Sugar cane farmer seeks recognition for buried slaves

Sugar cane farmer seeks recognition for buried slaves

Sugar cane farmer seeks recognition for buried slaves

Updated 7 December 2012, 12:14 AEST

A northern Australian sugar cane farmer says he has proof that South Sea islander slaves are buried on his property.

Results from an underground radar scan have given a northern Australian sugar cane farmer evidence he says proves that slaves are buried on his property.

Brian Courtice says he has been fighting to have his property heritage listed for years because of the graves.

He says Queensland's sugar industry was built on slavery - or blackbirding, as it was known.

Now he is hoping the Heritage Council will give the victims of the trade, south sea islanders stolen from their homes, the respect and final resting place they deserve.

Mr Courtice says that 29 slaves are buried on his cane property Sunnyside near the sugar town of Bundaberg.

"We're all emotional because we've known they were there but now we know conclusively not only that they're there but where they are, exactly where they are.

"There's a row of 13 in one row, 10 in another row and six in another, and one grave is of a child," he said.

"We don't know what islands they came from because the early plantation owners and blackbirders destroyed all the evidence because they knew what they were doing was wrong."

From 1879 to 1906 around 60,000 South Sea islanders were brought to the region by blackbirders and set to work establishing sugar plantations.

"It's a part of our history that's been covered up and it shouldn't be.

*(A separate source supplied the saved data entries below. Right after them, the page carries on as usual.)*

text \<open>
  An entire function \<open>\<phi>\<close> of order less than 1 has genus zero, so it has a Hadamard product
  \<open>\<phi>(z) = c \<Prod> (1 - z/a\<^sub>n)\<close>. We obtain it from the Weierstrass product of the zeros: a Jensen-type
  estimate on the number of zeros gives \<open>\<Sum> 1/|a\<^sub>n| < \<infinity>\<close>, the product is then bounded below on
  suitable circles, and the zero-free quotient, whose logarithm is controlled by the
  Borel-Caratheodory inequality, is constant.
  If all \<open>a\<^sub>n\<close> are negative, then \<open>|1 + u/a\<^sub>n| < |1 - u/a\<^sub>n|\<close> for \<open>Re u > 0\<close>, so \<open>|\<phi>(-u)| < |\<phi>(u)|\<close>
  off the imaginary axis. As \<open>\<phi>\<^sup>e(z) = (\<phi>(z) + \<phi>(-z))/2\<close> and \<open>\<phi>\<^sup>o(z) = (\<phi>(z) - \<phi>(-z))/2\<close>,
  a zero of either part forces \<open>|\<phi>(z)| = |\<phi>(-z)|\<close>, i.e. \<open>Re z = 0\<close>.
\<close>

section \<open>Even and odd parts\<close>

lemma
  assumes series: "\<And>z. (\<lambda>n. a n * z ^ n) sums \<phi> z"
  shows even_part_eq: "even_part a z = (\<phi> z + \<phi> (-z)) / 2"
    and odd_part_eq: "odd_part a z = (\<phi> z - \<phi> (-z)) / 2"
proof -
  have sum: "(\<lambda>n. a n * z ^ n + a n * (-z) ^ n) sums (\<phi> z + \<phi> (-z))"
    using sums_add[OF series[of z] series[of "-z"]] .
  have diff: "(\<lambda>n. a n * z ^ n - a n * (-z) ^ n) sums (\<phi> z - \<phi> (-z))"
    using sums_diff[OF series[of z] series[of "-z"]] .
  have "(\<lambda>n. (\<lambda>n. a n * z ^ n + a n * (-z) ^ n) (2*n)) sums (\<phi> z + \<phi> (-z))"
  proof (subst sums_mono_reindex)
    show "strict_mono (\<lambda>n::nat. 2*n)" by (auto simp: strict_mono_def)
    fix n :: nat assume "n \<notin> range (\<lambda>n. 2*n)"
    then have "odd n" by (metis evenE rangeI)
    then show "a n * z ^ n + a n * (-z) ^ n = 0" by (simp add: power_minus_odd)
  qed (rule sum)
  moreover have "\<And>n. (-z) ^ (2*n) = z ^ (2*n)" by (simp add: power_minus_even)
  ultimately have "(\<lambda>n. 2 * (a (2*n) * z ^ (2*n))) sums (\<phi> z + \<phi> (-z))"
    by (simp only: mult_2)
  then have "(\<lambda>n. a (2*n) * z ^ (2*n)) sums ((\<phi> z + \<phi> (-z)) / 2)"
    using sums_divide[of _ _ 2] by fastforce
  then show "even_part a z = (\<phi> z + \<phi> (-z)) / 2"
    unfolding even_part_def by (rule sums_unique[symmetric])
  have "(\<lambda>n. (\<lambda>n. a n * z ^ n - a n * (-z) ^ n) (2*n+1)) sums (\<phi> z - \<phi> (-z))"
  proof (subst sums_mono_reindex)
    show "strict_mono (\<lambda>n::nat. 2*n+1)" by (auto simp: strict_mono_def)
    fix n :: nat assume "n \<notin> range (\<lambda>n. 2*n+1)"
    then have "even n" by (metis oddE rangeI)
    then show "a n * z ^ n - a n * (-z) ^ n = 0" by (simp add: power_minus_even)
  qed (rule diff)
  moreover have "\<And>n. (-z) ^ (2*n+1) = - (z ^ (2*n+1))" by (simp add: power_minus_odd)
  ultimately have "(\<lambda>n. 2 * (a (2*n+1) * z ^ (2*n+1))) sums (\<phi> z - \<phi> (-z))"
    by (simp only: mult_2 mult_minus_right diff_minus_eq_add)
  then have "(\<lambda>n. a (2*n+1) * z ^ (2*n+1)) sums ((\<phi> z - \<phi> (-z)) / 2)"
    using sums_divide[of _ _ 2] by fastforce
  then show "odd_part a z = (\<phi> z - \<phi> (-z)) / 2"
    unfolding odd_part_def by (rule sums_unique[symmetric])
qed

lemma
  assumes series: "\<And>z. (\<lambda>n. a n * z ^ n) sums \<phi> z"
    and reflect: "\<And>z. Re z \<noteq> 0 \<Longrightarrow> norm (\<phi> z) \<noteq> norm (\<phi> (-z))"
  shows Re_eq_0_if_odd_part_eq_0: "odd_part a z = 0 \<Longrightarrow> Re z = 0"
    and Re_eq_0_if_even_part_eq_0: "even_part a z = 0 \<Longrightarrow> Re z = 0"
proof -
  show "Re z = 0" if "odd_part a z = 0"
  proof -
    have "\<phi> z = \<phi> (-z)" using that odd_part_eq[OF series, of z] by simp
    then show ?thesis using reflect by metis
  qed
  show "Re z = 0" if "even_part a z = 0"
  proof -
    have "\<phi> z = - \<phi> (-z)" using that even_part_eq[OF series, of z] by (simp add: add_eq_0_iff)
    then have "norm (\<phi> z) = norm (\<phi> (-z))" by simp
    then show ?thesis using reflect by metis
  qed
qed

It would be about 25 years later before the sugar industry would have started without South Sea Island labour.

"It was built on the very foundations of the sweat and of the toil of South Sea islanders." Mr Courtice said

Mr Coutice knew the graves were on his property but couldn't provide proof to the Heritage Council when he applied to have his entire property heritage listed.

Local help

Earlier this year, he struck on the idea of asking the local cemetery for help.

They used an underground radar scan to find the graves.

"I think that it's important for Bundaberg, it's important nationally and it's important especially for the South Sea Islander community."

Matt Nagas is a third generation South Sea islander whose ancestors were brought in to work in Queensland's plantations.

Of the seven recorded graves on Sunnyside, at least one of the people buried there is a family member.

"It's a very emotional thing. We wanted people to understand that our history is a history that didn't just, you know, happen, it was forced upon us.

"It brings back memories of a lot of suffering and... I always say there's been a lot of pain for our gain for the lifestyle we live today and those things are the reminder of, you know, our past, of what our people done for our prosperity today." said Mr Nagas

Emotional discovery

He said the find will give his people recognition and opens the way to finding other lost graves in the region.

"Sometimes from the doubters can make you doubt yourself, but we were always steadfast that we know those people are there.

"They actually did bury them on the properties, they buried them on fence lines. You know, there is hundreds of properties," said Mr Nagas.

He is hoping other landholders will do what Brian Coutrice has done.

"If there's any areas that are not being farmed and they're still left aside, we'd like those areas to be left like that and be able to, you know, even come and a bit of upkeep on those areas, just to show some respect for those people who passed away there."

The Queensland Heritage Council is considering the application to heritage list the entire property.